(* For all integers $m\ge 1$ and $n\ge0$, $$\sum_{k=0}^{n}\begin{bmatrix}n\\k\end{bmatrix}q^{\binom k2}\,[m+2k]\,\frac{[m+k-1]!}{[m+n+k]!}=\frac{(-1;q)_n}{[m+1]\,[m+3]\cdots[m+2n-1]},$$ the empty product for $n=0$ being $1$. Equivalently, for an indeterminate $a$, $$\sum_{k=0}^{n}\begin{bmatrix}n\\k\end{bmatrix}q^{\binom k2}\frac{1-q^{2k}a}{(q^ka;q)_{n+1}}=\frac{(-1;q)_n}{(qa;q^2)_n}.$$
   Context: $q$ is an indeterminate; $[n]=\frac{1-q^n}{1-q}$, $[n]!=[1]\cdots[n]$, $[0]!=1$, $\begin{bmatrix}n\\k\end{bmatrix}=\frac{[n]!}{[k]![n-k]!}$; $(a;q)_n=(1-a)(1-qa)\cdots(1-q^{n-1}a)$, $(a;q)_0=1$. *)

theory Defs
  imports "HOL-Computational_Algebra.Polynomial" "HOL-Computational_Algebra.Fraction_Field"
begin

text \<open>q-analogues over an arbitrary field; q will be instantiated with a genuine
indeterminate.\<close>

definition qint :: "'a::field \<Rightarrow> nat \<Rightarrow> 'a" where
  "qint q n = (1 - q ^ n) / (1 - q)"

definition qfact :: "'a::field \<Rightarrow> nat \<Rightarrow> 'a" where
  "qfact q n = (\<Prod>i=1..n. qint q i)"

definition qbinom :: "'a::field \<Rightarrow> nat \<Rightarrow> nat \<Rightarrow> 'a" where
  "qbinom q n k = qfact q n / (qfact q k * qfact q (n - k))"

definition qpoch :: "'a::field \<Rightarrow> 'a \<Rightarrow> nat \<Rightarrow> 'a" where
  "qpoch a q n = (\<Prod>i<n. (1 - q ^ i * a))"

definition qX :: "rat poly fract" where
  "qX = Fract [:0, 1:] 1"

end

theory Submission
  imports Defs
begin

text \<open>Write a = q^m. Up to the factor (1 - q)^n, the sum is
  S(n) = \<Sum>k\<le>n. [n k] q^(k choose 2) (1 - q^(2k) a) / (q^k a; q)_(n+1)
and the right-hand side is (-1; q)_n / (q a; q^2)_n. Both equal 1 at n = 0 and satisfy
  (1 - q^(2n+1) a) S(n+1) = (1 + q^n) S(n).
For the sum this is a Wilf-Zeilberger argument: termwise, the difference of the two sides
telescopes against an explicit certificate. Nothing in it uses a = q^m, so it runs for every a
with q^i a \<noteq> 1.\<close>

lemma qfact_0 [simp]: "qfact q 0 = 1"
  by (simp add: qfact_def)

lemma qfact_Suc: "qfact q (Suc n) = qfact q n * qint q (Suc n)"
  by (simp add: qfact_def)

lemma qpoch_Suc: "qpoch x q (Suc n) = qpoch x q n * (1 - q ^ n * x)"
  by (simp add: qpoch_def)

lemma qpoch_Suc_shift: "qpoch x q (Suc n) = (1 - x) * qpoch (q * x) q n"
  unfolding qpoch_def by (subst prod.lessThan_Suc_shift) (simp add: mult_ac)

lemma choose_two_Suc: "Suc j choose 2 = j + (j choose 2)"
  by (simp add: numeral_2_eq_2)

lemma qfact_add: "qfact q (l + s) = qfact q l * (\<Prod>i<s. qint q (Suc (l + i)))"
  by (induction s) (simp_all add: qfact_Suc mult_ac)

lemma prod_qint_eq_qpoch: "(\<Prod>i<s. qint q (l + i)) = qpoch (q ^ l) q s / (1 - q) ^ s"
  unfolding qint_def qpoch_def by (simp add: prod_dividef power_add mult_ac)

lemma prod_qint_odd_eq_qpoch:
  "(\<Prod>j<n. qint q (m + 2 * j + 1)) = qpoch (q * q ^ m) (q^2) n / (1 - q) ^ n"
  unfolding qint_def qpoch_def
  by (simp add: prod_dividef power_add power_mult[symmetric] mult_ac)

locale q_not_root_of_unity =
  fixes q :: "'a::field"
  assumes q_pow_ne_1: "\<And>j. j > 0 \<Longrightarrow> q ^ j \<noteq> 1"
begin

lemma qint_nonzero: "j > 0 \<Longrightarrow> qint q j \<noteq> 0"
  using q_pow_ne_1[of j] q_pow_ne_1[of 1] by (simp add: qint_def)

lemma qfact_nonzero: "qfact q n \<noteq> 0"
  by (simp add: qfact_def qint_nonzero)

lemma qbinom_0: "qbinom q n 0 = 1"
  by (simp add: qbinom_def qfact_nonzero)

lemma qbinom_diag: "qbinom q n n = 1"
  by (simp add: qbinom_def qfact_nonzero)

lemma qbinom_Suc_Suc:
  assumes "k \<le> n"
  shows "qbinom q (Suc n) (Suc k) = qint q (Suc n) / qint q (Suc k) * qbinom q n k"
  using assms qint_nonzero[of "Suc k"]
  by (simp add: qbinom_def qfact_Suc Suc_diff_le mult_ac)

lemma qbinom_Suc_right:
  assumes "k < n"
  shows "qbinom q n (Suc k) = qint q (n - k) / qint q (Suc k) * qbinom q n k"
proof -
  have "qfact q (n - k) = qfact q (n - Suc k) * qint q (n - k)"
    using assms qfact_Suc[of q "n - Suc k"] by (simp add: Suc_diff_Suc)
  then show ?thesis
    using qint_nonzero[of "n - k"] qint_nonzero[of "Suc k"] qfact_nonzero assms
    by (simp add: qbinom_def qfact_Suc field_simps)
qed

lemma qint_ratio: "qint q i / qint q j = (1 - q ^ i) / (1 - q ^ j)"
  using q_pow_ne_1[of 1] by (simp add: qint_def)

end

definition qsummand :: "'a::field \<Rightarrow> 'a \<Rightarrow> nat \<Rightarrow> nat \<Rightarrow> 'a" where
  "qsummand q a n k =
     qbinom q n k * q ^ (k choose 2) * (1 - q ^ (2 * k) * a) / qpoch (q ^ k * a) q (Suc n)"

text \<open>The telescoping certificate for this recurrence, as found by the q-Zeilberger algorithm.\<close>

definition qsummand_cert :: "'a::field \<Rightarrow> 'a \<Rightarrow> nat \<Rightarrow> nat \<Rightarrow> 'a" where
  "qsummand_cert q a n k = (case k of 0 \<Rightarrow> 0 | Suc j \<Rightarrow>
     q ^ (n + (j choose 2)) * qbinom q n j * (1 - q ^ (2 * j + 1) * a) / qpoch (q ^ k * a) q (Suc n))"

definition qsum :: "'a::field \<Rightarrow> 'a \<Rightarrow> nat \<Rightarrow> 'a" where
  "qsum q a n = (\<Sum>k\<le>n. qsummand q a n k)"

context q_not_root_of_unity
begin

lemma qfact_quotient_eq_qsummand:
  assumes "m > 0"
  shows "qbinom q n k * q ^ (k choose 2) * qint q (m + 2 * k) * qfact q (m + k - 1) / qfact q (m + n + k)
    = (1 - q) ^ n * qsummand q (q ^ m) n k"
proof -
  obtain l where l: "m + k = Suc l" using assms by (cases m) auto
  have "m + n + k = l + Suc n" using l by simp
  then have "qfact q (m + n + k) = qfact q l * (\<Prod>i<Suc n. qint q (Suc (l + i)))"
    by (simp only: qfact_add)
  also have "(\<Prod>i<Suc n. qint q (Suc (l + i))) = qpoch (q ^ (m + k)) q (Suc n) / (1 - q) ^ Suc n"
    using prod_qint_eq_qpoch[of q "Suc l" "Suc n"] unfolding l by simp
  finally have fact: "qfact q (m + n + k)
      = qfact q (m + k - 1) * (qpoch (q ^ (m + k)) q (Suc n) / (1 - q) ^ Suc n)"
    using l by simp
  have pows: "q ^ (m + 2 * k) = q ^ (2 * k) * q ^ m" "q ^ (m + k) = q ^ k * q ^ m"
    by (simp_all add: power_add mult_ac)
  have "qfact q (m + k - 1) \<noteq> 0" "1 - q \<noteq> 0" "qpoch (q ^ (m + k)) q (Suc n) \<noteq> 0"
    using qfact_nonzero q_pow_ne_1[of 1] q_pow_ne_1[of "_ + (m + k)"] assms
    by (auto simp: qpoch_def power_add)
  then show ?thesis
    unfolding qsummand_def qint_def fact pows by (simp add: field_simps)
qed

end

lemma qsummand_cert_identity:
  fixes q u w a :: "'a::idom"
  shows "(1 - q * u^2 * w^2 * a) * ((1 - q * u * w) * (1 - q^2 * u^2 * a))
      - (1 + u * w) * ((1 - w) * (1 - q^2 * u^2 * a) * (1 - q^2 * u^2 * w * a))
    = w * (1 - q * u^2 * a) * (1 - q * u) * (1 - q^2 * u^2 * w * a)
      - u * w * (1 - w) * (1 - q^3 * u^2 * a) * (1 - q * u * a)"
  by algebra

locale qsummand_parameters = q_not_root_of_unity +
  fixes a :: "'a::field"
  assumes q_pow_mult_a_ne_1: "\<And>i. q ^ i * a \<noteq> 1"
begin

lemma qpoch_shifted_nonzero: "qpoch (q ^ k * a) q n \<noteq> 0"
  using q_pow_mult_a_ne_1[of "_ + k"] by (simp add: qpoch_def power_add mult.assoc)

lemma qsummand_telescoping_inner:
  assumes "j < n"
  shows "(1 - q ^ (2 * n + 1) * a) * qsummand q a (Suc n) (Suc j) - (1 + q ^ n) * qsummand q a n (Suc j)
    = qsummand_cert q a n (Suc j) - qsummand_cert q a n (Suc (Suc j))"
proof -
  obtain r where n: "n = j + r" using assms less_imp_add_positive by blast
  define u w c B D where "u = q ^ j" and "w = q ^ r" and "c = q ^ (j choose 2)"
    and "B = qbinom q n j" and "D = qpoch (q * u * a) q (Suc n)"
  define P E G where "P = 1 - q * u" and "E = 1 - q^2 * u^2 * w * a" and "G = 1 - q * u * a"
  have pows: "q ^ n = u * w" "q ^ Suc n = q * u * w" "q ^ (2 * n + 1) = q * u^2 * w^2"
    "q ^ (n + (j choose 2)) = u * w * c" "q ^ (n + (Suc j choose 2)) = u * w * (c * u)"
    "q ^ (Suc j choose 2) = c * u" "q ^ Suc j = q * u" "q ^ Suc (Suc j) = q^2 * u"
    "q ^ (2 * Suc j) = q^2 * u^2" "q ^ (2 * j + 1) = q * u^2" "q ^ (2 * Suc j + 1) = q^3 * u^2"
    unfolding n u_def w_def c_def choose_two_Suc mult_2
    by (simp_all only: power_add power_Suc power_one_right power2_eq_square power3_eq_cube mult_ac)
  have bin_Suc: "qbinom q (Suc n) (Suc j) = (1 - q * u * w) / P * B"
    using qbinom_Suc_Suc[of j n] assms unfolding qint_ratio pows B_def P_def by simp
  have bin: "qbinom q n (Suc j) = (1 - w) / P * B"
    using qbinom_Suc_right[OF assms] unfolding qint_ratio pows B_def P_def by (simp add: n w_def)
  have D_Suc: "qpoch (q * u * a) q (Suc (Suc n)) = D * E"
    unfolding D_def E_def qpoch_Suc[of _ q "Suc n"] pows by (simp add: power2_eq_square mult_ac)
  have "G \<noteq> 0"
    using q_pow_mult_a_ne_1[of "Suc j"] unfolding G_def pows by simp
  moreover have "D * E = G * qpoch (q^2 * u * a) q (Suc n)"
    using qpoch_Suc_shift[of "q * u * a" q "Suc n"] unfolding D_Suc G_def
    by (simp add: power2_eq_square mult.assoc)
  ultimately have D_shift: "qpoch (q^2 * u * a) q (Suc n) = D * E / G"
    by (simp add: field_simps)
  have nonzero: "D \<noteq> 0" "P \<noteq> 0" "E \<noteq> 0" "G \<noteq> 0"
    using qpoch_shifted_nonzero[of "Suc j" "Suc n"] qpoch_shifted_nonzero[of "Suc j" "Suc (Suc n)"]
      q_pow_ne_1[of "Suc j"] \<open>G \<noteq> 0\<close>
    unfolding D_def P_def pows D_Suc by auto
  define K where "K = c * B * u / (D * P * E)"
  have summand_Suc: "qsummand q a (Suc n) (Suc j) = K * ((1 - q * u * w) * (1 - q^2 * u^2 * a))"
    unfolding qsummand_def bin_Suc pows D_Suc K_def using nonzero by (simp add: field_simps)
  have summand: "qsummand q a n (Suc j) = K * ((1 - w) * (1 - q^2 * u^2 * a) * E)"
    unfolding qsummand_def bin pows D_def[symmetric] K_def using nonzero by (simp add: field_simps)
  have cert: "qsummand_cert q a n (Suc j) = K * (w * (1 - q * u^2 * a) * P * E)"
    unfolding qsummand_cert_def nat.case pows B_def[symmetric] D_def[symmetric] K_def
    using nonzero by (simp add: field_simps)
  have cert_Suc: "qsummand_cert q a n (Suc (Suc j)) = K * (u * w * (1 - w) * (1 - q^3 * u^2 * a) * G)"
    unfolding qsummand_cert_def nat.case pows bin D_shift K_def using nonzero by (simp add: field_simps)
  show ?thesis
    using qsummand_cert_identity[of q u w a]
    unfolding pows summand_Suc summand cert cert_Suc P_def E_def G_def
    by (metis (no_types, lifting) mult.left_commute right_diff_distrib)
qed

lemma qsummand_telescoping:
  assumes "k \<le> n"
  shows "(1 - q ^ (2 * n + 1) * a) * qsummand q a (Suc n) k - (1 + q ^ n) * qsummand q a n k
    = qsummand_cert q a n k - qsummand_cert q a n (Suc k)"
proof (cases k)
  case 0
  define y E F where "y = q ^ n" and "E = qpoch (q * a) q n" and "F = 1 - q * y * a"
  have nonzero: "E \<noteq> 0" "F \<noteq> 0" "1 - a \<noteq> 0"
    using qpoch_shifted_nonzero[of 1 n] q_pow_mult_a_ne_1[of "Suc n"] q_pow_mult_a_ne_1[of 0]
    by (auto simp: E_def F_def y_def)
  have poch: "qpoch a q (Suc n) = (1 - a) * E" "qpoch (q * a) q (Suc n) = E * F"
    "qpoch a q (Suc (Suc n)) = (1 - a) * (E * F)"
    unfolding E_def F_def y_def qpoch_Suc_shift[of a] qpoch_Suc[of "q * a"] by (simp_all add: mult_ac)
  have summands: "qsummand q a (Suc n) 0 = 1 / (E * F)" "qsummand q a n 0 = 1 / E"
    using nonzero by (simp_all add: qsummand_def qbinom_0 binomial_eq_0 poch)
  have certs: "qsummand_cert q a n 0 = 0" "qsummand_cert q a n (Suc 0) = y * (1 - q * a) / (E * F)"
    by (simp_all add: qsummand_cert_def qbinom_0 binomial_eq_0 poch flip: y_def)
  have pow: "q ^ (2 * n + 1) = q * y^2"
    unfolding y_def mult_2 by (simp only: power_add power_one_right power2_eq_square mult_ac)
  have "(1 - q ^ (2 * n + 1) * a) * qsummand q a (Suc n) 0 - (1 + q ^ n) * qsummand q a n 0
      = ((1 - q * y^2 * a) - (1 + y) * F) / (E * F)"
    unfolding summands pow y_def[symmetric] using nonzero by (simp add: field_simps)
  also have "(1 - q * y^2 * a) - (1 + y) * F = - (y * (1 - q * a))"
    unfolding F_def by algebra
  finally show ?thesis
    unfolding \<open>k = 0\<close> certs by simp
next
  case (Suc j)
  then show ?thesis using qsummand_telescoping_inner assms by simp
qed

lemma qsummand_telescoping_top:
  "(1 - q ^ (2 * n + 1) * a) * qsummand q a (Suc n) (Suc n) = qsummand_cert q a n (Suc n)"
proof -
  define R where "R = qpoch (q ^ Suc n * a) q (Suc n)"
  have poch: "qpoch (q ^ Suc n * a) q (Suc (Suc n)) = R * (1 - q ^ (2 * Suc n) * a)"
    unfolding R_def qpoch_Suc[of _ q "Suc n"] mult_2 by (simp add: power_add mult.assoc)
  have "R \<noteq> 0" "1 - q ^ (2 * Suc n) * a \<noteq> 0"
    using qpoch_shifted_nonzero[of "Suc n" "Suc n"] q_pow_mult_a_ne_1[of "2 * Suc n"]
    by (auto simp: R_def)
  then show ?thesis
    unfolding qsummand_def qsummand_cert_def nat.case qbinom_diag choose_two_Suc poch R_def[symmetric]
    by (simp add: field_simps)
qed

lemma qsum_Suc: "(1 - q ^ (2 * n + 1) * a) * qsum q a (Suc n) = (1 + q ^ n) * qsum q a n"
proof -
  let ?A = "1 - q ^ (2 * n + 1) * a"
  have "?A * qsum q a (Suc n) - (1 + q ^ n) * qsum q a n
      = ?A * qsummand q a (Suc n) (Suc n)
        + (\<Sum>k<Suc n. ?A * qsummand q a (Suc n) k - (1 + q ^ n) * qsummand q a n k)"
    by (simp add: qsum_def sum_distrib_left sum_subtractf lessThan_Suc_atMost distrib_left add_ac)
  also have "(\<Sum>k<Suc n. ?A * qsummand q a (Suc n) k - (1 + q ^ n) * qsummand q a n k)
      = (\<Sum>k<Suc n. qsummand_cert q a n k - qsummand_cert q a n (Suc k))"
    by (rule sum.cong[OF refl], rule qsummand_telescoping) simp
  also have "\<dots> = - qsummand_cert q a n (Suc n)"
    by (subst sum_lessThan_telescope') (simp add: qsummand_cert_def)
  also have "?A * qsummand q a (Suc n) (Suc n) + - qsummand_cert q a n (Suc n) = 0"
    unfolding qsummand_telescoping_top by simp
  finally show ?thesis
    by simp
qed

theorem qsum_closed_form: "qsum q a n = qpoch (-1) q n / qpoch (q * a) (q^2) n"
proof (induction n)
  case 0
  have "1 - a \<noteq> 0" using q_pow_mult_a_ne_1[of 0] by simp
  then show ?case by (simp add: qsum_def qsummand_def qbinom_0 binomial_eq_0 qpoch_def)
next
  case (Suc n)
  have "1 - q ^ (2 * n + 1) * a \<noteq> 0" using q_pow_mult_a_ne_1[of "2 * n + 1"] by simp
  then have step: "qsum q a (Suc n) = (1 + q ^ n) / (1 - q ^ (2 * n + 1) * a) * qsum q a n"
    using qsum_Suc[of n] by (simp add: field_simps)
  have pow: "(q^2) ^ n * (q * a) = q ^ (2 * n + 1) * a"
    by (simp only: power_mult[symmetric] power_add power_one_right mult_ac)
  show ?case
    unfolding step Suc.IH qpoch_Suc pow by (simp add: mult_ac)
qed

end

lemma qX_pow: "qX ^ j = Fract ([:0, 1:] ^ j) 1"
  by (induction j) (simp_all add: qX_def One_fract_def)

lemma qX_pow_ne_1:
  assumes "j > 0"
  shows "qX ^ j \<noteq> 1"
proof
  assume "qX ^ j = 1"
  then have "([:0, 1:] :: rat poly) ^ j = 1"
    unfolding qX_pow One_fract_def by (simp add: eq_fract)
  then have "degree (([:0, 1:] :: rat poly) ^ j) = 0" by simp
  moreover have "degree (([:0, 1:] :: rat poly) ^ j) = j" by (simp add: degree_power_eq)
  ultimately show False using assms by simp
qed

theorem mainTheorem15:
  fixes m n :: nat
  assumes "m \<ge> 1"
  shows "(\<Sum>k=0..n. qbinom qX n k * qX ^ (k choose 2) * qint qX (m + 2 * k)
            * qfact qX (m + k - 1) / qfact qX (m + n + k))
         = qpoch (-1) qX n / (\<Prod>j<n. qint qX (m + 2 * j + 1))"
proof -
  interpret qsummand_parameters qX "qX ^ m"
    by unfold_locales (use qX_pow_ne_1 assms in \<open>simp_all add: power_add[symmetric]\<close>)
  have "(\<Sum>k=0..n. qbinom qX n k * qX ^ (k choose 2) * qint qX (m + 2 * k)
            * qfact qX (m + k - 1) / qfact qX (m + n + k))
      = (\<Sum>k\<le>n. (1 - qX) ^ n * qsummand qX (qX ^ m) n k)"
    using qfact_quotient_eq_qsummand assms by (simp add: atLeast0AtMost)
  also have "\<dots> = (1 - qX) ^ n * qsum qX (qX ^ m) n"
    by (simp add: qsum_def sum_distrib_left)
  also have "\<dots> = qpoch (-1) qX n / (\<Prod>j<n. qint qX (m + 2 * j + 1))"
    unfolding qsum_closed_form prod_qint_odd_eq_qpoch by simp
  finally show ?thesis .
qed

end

=====

What the task asks:
Only the number should be given: how many lines of the data contain the word "assoc"?

Reply:
3